(AVAILABLE DATA)

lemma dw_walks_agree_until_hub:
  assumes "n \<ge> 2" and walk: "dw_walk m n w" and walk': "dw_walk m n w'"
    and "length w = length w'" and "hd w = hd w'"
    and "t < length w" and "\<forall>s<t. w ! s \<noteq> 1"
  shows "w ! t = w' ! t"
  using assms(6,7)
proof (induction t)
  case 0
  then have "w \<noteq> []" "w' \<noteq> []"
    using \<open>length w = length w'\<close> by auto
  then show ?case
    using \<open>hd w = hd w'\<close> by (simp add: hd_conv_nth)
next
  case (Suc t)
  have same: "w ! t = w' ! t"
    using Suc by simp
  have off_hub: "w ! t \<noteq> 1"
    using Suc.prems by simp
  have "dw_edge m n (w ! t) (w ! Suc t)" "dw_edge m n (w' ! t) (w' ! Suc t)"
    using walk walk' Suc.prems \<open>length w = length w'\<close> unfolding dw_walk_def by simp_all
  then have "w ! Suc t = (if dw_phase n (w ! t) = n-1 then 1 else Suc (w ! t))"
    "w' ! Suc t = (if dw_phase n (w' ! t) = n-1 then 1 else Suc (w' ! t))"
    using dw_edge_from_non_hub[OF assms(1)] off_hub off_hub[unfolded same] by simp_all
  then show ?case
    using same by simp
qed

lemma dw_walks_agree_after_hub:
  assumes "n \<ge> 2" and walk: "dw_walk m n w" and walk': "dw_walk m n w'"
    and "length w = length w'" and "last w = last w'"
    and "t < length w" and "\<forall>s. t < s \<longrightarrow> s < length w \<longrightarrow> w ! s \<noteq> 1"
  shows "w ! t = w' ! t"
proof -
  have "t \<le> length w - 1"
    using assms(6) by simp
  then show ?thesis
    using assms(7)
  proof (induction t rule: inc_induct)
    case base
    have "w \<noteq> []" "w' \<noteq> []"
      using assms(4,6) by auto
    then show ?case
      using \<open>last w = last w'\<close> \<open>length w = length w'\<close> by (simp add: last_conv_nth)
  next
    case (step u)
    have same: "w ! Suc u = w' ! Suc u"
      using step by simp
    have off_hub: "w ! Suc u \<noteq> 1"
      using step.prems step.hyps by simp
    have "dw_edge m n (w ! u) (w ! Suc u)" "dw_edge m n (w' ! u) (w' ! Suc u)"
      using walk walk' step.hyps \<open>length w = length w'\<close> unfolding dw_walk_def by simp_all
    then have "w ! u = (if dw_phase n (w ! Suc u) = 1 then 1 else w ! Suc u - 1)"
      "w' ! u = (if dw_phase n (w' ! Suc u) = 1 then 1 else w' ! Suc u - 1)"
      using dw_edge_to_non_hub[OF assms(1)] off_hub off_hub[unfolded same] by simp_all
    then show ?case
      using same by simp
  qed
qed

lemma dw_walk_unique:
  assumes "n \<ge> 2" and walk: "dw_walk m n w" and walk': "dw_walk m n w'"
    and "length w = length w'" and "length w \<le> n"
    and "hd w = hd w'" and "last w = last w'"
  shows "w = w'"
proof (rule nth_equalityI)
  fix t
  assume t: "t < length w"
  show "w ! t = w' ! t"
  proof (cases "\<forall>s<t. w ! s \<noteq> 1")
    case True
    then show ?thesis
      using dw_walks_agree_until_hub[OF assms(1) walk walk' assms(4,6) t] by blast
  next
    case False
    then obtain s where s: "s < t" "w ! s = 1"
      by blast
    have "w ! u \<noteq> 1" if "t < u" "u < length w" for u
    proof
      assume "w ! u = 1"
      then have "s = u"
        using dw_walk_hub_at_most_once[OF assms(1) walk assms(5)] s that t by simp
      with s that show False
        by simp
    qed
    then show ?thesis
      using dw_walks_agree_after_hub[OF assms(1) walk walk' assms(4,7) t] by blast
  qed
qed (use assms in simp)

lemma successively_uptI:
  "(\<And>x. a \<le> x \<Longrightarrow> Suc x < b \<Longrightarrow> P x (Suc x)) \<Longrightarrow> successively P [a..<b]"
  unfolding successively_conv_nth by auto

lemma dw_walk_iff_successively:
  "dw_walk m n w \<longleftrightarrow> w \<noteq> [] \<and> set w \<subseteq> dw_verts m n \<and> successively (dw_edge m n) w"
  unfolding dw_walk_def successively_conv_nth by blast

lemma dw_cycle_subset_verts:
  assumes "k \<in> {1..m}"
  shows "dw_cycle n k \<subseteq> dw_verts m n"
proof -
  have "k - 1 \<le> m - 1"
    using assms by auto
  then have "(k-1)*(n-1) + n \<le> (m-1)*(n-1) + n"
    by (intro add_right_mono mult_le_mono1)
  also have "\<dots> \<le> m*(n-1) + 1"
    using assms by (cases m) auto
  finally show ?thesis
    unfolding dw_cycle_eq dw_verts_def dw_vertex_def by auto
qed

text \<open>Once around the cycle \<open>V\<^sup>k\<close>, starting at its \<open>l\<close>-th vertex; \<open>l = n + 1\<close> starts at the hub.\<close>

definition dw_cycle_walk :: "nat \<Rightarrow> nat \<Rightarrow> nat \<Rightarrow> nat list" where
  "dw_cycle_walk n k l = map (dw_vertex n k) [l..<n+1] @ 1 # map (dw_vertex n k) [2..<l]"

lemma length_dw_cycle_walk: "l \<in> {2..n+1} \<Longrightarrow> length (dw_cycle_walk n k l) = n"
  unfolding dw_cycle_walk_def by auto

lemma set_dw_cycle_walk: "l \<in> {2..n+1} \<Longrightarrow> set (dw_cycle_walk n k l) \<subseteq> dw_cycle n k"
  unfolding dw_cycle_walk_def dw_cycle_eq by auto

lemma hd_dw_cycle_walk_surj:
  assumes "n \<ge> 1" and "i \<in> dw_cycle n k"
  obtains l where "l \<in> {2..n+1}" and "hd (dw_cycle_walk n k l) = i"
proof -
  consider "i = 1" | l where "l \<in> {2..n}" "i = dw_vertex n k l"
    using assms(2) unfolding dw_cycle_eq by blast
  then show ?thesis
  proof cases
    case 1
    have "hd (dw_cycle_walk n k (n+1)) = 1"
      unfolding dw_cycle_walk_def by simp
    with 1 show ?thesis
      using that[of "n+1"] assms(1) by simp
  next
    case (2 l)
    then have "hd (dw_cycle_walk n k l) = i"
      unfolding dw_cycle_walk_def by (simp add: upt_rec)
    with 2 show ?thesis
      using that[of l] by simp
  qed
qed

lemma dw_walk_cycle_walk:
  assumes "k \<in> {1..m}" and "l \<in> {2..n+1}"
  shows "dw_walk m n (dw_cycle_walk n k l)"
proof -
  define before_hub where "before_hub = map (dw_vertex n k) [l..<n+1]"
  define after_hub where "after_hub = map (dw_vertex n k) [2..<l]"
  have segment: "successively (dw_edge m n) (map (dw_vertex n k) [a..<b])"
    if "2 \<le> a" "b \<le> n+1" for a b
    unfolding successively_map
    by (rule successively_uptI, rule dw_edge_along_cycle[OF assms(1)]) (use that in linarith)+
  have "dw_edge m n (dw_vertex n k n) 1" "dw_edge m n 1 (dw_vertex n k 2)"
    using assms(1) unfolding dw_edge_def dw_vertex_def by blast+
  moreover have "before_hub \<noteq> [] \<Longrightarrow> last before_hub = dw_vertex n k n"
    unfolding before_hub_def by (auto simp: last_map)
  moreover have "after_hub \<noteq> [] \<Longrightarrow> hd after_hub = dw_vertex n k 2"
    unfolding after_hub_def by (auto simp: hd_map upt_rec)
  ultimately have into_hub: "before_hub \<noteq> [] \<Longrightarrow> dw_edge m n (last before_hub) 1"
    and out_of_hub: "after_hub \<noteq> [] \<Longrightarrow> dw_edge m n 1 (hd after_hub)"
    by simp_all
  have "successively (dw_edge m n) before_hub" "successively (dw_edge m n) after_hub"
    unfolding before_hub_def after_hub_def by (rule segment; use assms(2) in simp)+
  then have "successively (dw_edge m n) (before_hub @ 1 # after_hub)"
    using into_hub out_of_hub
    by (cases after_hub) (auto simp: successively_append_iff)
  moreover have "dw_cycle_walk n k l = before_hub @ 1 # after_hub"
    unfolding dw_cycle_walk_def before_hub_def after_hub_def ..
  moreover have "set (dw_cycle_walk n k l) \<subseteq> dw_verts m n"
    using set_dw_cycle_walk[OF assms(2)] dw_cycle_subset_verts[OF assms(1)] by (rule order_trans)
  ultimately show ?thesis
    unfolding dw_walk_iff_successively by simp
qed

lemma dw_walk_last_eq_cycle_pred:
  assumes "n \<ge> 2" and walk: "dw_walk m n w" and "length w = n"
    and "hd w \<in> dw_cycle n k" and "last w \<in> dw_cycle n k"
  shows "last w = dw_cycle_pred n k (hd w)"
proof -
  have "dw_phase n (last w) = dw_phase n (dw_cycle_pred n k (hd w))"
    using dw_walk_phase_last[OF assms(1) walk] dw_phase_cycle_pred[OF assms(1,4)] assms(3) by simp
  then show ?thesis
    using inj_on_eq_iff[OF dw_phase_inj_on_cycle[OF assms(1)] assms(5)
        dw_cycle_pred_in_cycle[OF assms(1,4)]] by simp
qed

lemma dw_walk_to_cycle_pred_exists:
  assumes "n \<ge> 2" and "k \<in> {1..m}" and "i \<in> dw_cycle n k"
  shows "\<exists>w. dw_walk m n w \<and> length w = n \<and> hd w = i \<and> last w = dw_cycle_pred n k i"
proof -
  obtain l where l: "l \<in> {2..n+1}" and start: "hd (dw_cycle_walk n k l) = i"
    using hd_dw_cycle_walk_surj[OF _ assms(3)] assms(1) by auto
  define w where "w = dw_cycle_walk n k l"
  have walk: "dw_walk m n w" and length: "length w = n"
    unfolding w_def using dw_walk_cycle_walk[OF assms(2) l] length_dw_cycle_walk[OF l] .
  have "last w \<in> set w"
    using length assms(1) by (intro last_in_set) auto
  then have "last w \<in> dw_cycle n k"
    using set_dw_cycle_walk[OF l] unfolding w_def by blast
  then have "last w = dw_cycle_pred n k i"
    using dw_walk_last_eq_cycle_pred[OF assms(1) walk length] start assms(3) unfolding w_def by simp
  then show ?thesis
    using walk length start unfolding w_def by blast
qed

(End AVAILABLE DATA)
(AVAILABLE DATA)

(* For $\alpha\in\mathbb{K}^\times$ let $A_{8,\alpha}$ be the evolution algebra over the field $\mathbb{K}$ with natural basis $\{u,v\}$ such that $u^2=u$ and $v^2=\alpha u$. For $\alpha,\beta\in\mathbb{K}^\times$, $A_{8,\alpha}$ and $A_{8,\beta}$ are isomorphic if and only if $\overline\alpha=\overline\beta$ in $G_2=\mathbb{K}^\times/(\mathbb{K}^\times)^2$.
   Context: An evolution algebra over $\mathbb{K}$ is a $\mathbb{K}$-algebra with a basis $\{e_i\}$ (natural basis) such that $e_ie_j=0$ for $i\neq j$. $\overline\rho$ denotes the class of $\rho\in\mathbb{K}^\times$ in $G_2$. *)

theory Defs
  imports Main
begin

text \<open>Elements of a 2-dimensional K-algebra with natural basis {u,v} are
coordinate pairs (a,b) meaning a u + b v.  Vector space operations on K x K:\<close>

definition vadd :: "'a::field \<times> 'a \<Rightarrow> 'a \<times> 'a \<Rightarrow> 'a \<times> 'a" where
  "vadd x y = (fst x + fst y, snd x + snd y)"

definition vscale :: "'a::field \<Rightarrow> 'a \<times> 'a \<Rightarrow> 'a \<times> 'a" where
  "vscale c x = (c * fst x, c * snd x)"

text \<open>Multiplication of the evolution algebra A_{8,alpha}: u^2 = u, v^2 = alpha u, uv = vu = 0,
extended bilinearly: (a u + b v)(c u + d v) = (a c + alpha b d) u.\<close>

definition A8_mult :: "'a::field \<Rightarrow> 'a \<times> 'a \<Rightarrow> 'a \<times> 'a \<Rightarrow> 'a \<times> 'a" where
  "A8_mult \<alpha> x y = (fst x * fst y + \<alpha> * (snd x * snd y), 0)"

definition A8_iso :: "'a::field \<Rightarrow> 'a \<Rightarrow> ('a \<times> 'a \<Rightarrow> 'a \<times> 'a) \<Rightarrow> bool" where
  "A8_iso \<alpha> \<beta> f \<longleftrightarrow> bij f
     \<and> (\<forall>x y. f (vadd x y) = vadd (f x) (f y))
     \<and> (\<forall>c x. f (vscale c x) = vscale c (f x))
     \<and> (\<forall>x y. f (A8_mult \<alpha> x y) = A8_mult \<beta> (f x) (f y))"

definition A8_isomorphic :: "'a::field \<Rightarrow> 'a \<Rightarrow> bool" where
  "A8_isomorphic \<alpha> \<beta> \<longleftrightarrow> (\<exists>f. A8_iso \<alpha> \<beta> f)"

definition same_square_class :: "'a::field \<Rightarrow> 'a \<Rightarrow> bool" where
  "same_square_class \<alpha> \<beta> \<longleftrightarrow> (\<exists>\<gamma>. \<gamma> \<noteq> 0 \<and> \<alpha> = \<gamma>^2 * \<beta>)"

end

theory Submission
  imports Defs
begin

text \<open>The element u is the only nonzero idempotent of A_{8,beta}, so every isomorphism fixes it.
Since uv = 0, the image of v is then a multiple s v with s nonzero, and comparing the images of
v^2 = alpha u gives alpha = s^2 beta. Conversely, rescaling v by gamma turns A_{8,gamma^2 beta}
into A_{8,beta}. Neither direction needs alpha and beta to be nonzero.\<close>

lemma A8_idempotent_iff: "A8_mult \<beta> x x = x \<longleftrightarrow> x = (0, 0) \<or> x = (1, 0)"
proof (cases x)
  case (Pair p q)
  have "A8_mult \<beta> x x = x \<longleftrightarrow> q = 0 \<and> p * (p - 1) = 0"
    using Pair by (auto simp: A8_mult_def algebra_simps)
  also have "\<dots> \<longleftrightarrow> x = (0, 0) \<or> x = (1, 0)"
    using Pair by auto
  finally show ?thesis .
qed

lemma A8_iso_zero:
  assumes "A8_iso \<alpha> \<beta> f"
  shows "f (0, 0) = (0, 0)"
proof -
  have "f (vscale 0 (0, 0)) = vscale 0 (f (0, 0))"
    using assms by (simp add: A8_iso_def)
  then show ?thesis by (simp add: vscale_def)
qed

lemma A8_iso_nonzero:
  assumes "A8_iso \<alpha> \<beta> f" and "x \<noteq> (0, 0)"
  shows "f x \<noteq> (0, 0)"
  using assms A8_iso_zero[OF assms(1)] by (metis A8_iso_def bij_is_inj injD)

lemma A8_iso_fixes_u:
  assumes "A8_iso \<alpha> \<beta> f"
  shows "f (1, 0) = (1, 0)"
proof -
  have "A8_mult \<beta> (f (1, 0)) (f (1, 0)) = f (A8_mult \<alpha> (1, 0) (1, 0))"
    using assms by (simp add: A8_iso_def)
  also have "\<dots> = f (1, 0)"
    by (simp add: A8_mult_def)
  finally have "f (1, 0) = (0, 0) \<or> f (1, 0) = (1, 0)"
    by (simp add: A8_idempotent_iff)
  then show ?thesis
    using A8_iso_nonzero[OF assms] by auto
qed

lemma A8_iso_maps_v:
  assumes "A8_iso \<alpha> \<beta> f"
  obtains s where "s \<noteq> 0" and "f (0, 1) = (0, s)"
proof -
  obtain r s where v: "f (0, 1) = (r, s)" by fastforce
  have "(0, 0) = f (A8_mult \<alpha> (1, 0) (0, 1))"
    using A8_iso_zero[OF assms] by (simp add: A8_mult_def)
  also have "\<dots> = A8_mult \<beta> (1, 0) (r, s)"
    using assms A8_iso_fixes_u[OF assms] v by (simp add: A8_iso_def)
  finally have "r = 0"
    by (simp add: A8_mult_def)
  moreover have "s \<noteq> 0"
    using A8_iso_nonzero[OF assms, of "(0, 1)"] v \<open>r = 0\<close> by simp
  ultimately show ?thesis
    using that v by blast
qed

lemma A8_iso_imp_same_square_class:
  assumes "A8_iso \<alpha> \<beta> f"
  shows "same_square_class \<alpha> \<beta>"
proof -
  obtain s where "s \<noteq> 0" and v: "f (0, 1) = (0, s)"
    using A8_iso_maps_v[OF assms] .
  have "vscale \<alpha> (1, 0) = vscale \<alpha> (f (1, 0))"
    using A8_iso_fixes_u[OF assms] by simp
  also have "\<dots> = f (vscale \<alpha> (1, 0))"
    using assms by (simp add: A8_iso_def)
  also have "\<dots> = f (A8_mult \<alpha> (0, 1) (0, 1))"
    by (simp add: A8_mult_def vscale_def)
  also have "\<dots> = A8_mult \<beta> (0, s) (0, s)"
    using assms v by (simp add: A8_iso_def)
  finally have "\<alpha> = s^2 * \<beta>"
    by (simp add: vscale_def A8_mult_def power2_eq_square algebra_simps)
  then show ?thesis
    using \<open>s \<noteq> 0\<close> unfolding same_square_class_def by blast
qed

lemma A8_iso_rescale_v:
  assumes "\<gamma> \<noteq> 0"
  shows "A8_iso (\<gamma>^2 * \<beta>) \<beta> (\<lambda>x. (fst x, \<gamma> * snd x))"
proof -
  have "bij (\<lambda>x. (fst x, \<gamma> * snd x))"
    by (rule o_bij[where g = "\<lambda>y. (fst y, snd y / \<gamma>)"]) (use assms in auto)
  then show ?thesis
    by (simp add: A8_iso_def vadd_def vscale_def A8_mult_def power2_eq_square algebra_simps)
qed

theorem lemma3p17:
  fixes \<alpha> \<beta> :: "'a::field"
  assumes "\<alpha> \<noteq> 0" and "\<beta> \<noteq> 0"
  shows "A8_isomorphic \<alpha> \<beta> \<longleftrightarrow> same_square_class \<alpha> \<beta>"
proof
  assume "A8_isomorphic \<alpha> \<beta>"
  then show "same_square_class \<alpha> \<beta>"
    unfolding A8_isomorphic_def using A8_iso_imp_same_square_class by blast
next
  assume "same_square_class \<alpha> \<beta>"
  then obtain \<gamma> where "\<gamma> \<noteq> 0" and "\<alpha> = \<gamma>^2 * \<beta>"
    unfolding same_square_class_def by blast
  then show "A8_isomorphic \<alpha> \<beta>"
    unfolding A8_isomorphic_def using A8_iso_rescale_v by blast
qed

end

(End AVAILABLE DATA)
(AVAILABLE DATA)

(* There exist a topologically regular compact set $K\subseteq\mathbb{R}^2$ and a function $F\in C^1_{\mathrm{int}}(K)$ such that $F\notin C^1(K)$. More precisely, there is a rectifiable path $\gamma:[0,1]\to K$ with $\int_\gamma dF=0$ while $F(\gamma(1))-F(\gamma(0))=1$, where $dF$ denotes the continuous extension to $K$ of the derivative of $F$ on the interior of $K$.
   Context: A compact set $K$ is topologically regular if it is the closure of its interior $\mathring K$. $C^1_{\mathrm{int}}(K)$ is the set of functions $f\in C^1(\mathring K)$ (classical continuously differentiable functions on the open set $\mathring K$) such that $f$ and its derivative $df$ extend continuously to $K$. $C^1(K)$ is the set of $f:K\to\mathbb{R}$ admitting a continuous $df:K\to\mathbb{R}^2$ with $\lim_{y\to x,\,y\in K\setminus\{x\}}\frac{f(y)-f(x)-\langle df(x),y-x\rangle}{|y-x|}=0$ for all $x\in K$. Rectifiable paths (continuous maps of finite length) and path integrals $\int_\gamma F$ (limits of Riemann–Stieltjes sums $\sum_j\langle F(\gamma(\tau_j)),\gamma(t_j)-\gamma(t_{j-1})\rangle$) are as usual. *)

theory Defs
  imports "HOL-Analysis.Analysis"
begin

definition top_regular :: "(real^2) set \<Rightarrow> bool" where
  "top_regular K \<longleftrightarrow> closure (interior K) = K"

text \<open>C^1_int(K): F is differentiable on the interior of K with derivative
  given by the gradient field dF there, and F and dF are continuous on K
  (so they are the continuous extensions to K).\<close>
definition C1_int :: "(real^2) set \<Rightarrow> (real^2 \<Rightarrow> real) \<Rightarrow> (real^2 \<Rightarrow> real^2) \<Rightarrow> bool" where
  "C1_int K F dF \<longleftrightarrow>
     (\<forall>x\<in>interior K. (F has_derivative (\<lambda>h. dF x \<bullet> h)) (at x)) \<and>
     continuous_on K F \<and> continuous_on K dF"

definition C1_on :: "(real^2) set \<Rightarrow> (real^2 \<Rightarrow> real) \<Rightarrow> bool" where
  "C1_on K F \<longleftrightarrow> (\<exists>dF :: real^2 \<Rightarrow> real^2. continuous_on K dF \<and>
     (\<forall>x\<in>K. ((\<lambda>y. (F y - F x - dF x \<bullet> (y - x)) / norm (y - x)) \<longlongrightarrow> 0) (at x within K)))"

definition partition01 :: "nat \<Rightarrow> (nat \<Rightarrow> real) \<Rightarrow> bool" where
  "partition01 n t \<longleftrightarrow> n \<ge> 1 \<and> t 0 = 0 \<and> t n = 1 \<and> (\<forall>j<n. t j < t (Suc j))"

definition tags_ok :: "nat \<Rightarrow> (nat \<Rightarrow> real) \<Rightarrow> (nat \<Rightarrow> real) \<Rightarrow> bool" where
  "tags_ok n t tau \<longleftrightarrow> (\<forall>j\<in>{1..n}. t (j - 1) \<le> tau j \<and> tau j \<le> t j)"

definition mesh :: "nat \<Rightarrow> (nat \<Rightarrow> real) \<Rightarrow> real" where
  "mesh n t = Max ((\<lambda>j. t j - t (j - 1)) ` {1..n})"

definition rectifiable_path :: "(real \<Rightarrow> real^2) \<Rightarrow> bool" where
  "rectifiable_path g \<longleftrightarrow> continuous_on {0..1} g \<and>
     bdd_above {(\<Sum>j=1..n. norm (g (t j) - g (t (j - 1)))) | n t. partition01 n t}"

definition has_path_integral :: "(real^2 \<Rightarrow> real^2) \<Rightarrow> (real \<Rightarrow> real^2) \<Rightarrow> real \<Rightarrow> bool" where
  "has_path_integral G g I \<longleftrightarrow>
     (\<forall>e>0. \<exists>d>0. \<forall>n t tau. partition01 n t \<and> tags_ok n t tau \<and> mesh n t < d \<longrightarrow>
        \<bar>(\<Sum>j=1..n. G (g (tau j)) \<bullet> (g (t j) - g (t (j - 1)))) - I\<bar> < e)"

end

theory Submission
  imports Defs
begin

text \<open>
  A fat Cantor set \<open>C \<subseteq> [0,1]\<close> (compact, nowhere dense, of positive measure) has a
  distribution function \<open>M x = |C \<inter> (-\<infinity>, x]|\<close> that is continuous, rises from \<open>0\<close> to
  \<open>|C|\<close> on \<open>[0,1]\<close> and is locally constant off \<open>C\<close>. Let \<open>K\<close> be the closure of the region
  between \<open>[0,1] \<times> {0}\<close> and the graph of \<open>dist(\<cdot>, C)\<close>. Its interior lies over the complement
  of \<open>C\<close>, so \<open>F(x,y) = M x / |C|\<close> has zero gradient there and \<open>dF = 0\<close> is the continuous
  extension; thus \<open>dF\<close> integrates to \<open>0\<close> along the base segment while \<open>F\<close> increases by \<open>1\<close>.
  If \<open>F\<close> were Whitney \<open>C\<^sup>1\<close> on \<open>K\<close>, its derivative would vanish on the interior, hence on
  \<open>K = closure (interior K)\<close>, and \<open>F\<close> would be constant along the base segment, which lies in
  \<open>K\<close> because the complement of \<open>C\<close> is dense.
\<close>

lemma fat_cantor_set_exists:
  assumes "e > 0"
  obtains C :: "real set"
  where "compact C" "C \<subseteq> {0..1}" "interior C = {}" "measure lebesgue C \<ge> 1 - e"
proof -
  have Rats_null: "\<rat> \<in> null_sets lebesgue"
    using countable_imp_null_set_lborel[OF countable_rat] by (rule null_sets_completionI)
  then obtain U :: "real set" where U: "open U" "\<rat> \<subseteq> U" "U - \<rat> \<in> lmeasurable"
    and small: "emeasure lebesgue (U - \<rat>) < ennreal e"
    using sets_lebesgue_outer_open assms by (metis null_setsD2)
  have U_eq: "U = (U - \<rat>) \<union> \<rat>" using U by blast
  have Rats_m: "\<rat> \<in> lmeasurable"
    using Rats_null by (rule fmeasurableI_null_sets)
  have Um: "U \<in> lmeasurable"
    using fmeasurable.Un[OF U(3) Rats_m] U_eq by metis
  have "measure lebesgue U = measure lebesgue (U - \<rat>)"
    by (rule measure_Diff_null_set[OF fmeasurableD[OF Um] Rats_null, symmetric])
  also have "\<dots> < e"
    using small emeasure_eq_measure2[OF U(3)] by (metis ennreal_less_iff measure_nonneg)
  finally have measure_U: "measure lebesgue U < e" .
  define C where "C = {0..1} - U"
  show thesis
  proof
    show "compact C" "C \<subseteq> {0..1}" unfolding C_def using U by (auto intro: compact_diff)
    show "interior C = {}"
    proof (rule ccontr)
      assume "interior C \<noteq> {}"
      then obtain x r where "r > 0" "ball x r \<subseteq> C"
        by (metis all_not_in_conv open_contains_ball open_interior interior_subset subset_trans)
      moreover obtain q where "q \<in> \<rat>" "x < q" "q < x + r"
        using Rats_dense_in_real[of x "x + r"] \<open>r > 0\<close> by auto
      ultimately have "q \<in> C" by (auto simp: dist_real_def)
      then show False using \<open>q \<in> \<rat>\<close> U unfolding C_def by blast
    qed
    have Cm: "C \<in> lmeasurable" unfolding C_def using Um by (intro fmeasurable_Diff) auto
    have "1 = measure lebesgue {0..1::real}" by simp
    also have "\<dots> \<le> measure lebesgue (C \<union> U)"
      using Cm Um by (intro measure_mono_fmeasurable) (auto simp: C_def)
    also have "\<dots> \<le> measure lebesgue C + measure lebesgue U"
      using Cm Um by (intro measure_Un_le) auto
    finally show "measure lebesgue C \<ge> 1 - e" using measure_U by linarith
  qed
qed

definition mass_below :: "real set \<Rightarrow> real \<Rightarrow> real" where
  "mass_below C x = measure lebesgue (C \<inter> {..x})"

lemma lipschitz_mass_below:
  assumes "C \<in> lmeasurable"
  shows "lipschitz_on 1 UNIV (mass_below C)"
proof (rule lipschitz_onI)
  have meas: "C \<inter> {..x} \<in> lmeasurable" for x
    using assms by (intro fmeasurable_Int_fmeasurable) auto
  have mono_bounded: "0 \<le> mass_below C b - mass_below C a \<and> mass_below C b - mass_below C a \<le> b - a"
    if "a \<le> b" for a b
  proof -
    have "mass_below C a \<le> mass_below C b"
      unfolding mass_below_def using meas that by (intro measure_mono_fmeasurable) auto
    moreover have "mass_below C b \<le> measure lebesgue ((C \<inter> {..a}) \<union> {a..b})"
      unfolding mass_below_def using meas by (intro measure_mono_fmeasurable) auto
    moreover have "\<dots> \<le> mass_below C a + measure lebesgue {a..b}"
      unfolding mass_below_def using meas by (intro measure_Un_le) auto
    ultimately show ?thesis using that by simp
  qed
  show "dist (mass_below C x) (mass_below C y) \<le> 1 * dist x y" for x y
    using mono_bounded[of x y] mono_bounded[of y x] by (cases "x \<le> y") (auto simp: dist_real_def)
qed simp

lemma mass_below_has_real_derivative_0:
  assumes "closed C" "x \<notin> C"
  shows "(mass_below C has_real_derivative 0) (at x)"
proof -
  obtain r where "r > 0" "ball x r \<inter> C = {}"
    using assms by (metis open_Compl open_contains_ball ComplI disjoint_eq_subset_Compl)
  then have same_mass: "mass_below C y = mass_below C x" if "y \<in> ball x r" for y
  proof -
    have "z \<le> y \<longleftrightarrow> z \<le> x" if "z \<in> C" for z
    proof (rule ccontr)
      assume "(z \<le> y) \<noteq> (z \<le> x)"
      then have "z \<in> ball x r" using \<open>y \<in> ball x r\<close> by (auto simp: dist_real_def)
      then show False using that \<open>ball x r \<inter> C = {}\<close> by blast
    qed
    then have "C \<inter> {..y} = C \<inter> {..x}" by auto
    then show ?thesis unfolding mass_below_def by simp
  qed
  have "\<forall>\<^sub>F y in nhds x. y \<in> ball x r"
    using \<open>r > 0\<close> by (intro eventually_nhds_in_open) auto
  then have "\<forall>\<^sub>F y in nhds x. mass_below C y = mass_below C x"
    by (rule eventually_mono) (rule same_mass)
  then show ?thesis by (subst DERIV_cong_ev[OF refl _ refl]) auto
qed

(End AVAILABLE DATA)

Go through the entries above and copy each line holding the string "lies".

  between \<open>[0,1] \<times> {0}\<close> and the graph of \<open>dist(\<cdot>, C)\<close>. Its interior lies over the complement
  \<open>K = closure (interior K)\<close>, and \<open>F\<close> would be constant along the base segment, which lies in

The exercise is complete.